(Stored items)
lemma exp_ONB_nonempty:
  assumes "prob_space \<rho>" "exp_ONB \<rho> \<Lambda>"
  shows "\<Lambda> \<noteq> {}"
proof
  assume "\<Lambda> = {}"
  then have "AE x in \<rho>. (1::complex) = 0"
    using assms L2_const[of \<rho> 1] by (auto simp: exp_ONB_def prob_space_def)
  then show False using prob_space.AE_const[OF assms(1)] by simp
qed

lemma exp_ONB_diff_in_zero_set:
  assumes "exp_ONB \<rho> \<Lambda>" "l \<in> \<Lambda>" "l' \<in> \<Lambda>" "l \<noteq> l'"
  shows "l - l' \<in> zero_set \<rho>"
  using assms by (auto simp: exp_ONB_def zero_set_def inner_L2_expo_expo[symmetric])

lemma exp_ONB_translate:
  assumes "finite_measure \<rho>" "sets \<rho> = sets borel" "exp_ONB \<rho> \<Lambda>"
  shows "exp_ONB \<rho> ((\<lambda>l. l - t) ` \<Lambda>)"
  unfolding exp_ONB_def
proof (intro conjI ballI impI)
  fix a b assume "a \<in> (\<lambda>l. l - t) ` \<Lambda>" "b \<in> (\<lambda>l. l - t) ` \<Lambda>"
  then obtain l l' where "l \<in> \<Lambda>" "a = l - t" "l' \<in> \<Lambda>" "b = l' - t" by auto
  then show "inner_L2 \<rho> (expo a) (expo b) = (if a = b then 1 else 0)"
    using assms(3) by (auto simp: exp_ONB_def inner_L2_expo_expo)
next
  fix f assume f: "f \<in> L2 \<rho>" and orth: "\<forall>a\<in>(\<lambda>l. l - t) ` \<Lambda>. inner_L2 \<rho> f (expo a) = 0"
  define g where "g x = f x * expo t x" for x
  have "g \<in> L2 \<rho>"
    unfolding g_def by (rule L2_mult_bounded[OF f, where K=1])
      (auto simp: measurable_cong_sets[OF assms(2) refl])
  moreover have "inner_L2 \<rho> g (expo l) = inner_L2 \<rho> f (expo (l - t))" for l
    unfolding inner_L2_def g_def
    by (intro Bochner_Integration.integral_cong refl) (simp add: cnj_expo mult.assoc flip: expo_add_freq)
  ultimately have "AE x in \<rho>. g x = 0" using assms(3) orth by (auto simp: exp_ONB_def)
  then show "AE x in \<rho>. f x = 0" by eventually_elim (simp add: g_def)
qed

lemma AE_atom:
  assumes "AE x in \<rho>. P x" "emeasure \<rho> {s} > 0" "{s} \<in> sets \<rho>"
  shows "P s"
proof (rule ccontr)
  assume "\<not> P s"
  obtain N where N: "{x \<in> space \<rho>. \<not> P x} \<subseteq> N" "emeasure \<rho> N = 0" "N \<in> sets \<rho>"
    using assms(1) by (rule AE_E)
  have "s \<in> space \<rho>" using assms(3) sets.sets_into_space by blast
  then have "emeasure \<rho> {s} \<le> emeasure \<rho> N" using N \<open>\<not> P s\<close> by (intro emeasure_mono) auto
  then show False using N assms(2) by simp
qed

text \<open>The complement of the support is covered by the null balls with rational centre and radius.\<close>

lemma AE_measure_support:
  assumes sets: "sets \<rho> = sets borel"
  shows "AE x in \<rho>. x \<in> measure_support \<rho>"
proof -
  define B where "B = {(r, s). r \<in> \<rat> \<and> s \<in> \<rat> \<and> emeasure \<rho> (ball r s) = 0}"
  have "countable B"
    by (rule countable_subset[of _ "\<rat> \<times> \<rat>"]) (auto simp: B_def intro: countable_SIGMA countable_rat)
  then have null: "(\<Union>i\<in>B. ball (fst i) (snd i)) \<in> null_sets \<rho>"
    by (rule null_sets_UN') (auto simp: B_def null_sets_def sets)
  show ?thesis
  proof (rule AE_I'[OF null], safe)
    fix x assume "x \<notin> measure_support \<rho>"
    then obtain e where e: "e > 0" "emeasure \<rho> (ball x e) = 0"
      by (auto simp: measure_support_def not_gr_zero)
    obtain r where r: "r \<in> \<rat>" "dist r x < e/4"
      using Rats_dense_in_real[of "x - e/4" "x + e/4"] e by (auto simp: dist_real_def abs_real_def)
    obtain s where s: "s \<in> \<rat>" "e/4 < s" "s < e/2"
      using Rats_dense_in_real[of "e/4" "e/2"] e by auto
    have "ball r s \<subseteq> ball x e"
    proof
      fix z assume "z \<in> ball r s"
      then show "z \<in> ball x e" using r s dist_triangle[of x z r] by (simp add: dist_commute)
    qed
    then have "emeasure \<rho> (ball r s) = 0"
      using e emeasure_mono[of "ball r s" "ball x e" \<rho>] by (simp add: sets)
    then have "(r, s) \<in> B" using r s by (auto simp: B_def)
    moreover have "x \<in> ball r s" using r s by (simp add: dist_commute)
    ultimately show "x \<in> (\<Union>i\<in>B. ball (fst i) (snd i))" by force
  qed
qed

lemma disc_measure_eq_distr:
  assumes "finite C"
  shows "disc_measure C p a = distr (density (count_space C) (\<lambda>c. ennreal (p c))) borel a"
    (is "_ = ?D")
proof -
  have "emeasure ?D A = (\<Sum>c\<in>C. if a c \<in> A then ennreal (p c) else 0)" if "A \<in> sets borel" for A
  proof -
    have "emeasure ?D A = (\<integral>\<^sup>+ c. ennreal (p c) * indicator (a -` A \<inter> C) c \<partial>count_space C)"
      using that by (simp add: emeasure_distr emeasure_density)
    also have "\<dots> = (\<Sum>c\<in>C. if a c \<in> A then ennreal (p c) else 0)"
      using assms by (simp add: nn_integral_count_space_finite indicator_def sum.inter_restrict)
    finally show ?thesis .
  qed
  then have "disc_measure C p a = measure_of (space ?D) (sets ?D) (emeasure ?D)"
    unfolding disc_measure_def
    by (simp, intro measure_of_eq) (auto simp: sets.sigma_sets_eq[of borel, simplified])
  also have "\<dots> = ?D" by (rule measure_of_of_measure)
  finally show ?thesis .
qed

lemma sets_disc_measure [simp, measurable_cong]: "sets (disc_measure C p a) = sets borel"
  unfolding disc_measure_def by (simp add: sets_measure_of_conv sets.sigma_sets_eq[of borel, simplified])

lemma space_disc_measure [simp]: "space (disc_measure C p a) = UNIV"
  unfolding disc_measure_def by (simp add: space_measure_of_conv)

lemma borel_measurable_disc_measure [simp]:
  "borel_measurable (disc_measure C p a) = borel_measurable borel"
  by (rule measurable_cong_sets) auto

lemma nn_integral_disc_measure:
  assumes "finite C" "g \<in> borel_measurable borel"
  shows "(\<integral>\<^sup>+x. g x \<partial>disc_measure C p a) = (\<Sum>c\<in>C. ennreal (p c) * g (a c))"
  using assms by (simp add: disc_measure_eq_distr nn_integral_distr nn_integral_density
      nn_integral_count_space_finite)

lemma emeasure_disc_measure:
  assumes "finite C" "A \<in> sets borel"
  shows "emeasure (disc_measure C p a) A = (\<Sum>c\<in>C. if a c \<in> A then ennreal (p c) else 0)"
proof -
  have "emeasure (disc_measure C p a) A = (\<integral>\<^sup>+x. indicator A x \<partial>disc_measure C p a)"
    using assms(2) by simp
  also have "\<dots> = (\<Sum>c\<in>C. if a c \<in> A then ennreal (p c) else 0)"
    using assms by (simp add: nn_integral_disc_measure indicator_def sum.inter_restrict)
  finally show ?thesis .
qed

lemma integral_disc_measure:
  fixes h :: "real \<Rightarrow> 'b::{banach, second_countable_topology}"
  assumes "finite C" "\<forall>c\<in>C. p c \<ge> 0" "h \<in> borel_measurable borel"
  shows "integral\<^sup>L (disc_measure C p a) h = (\<Sum>c\<in>C. p c *\<^sub>R h (a c))"
  using assms
  by (simp add: disc_measure_eq_distr integral_distr integral_density AE_count_space
      lebesgue_integral_count_space_finite)

lemma integrable_disc_measure:
  fixes h :: "real \<Rightarrow> 'b::{banach, second_countable_topology}"
  assumes "finite C" "\<forall>c\<in>C. p c \<ge> 0" "h \<in> borel_measurable borel"
  shows "integrable (disc_measure C p a) h"
proof -
  have "integrable (density (count_space C) (\<lambda>c. ennreal (p c))) (\<lambda>c. h (a c))"
    using assms by (subst integrable_density) (auto simp: AE_count_space integrable_count_space)
  then show ?thesis
    using assms by (simp add: disc_measure_eq_distr integrable_distr_eq)
qed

ABOUT THIS TASK:
Look through the data above and return each line where the string "simplified" occurs.

SOLUTION BELOW:
    by (simp, intro measure_of_eq) (auto simp: sets.sigma_sets_eq[of borel, simplified])
  unfolding disc_measure_def by (simp add: sets_measure_of_conv sets.sigma_sets_eq[of borel, simplified])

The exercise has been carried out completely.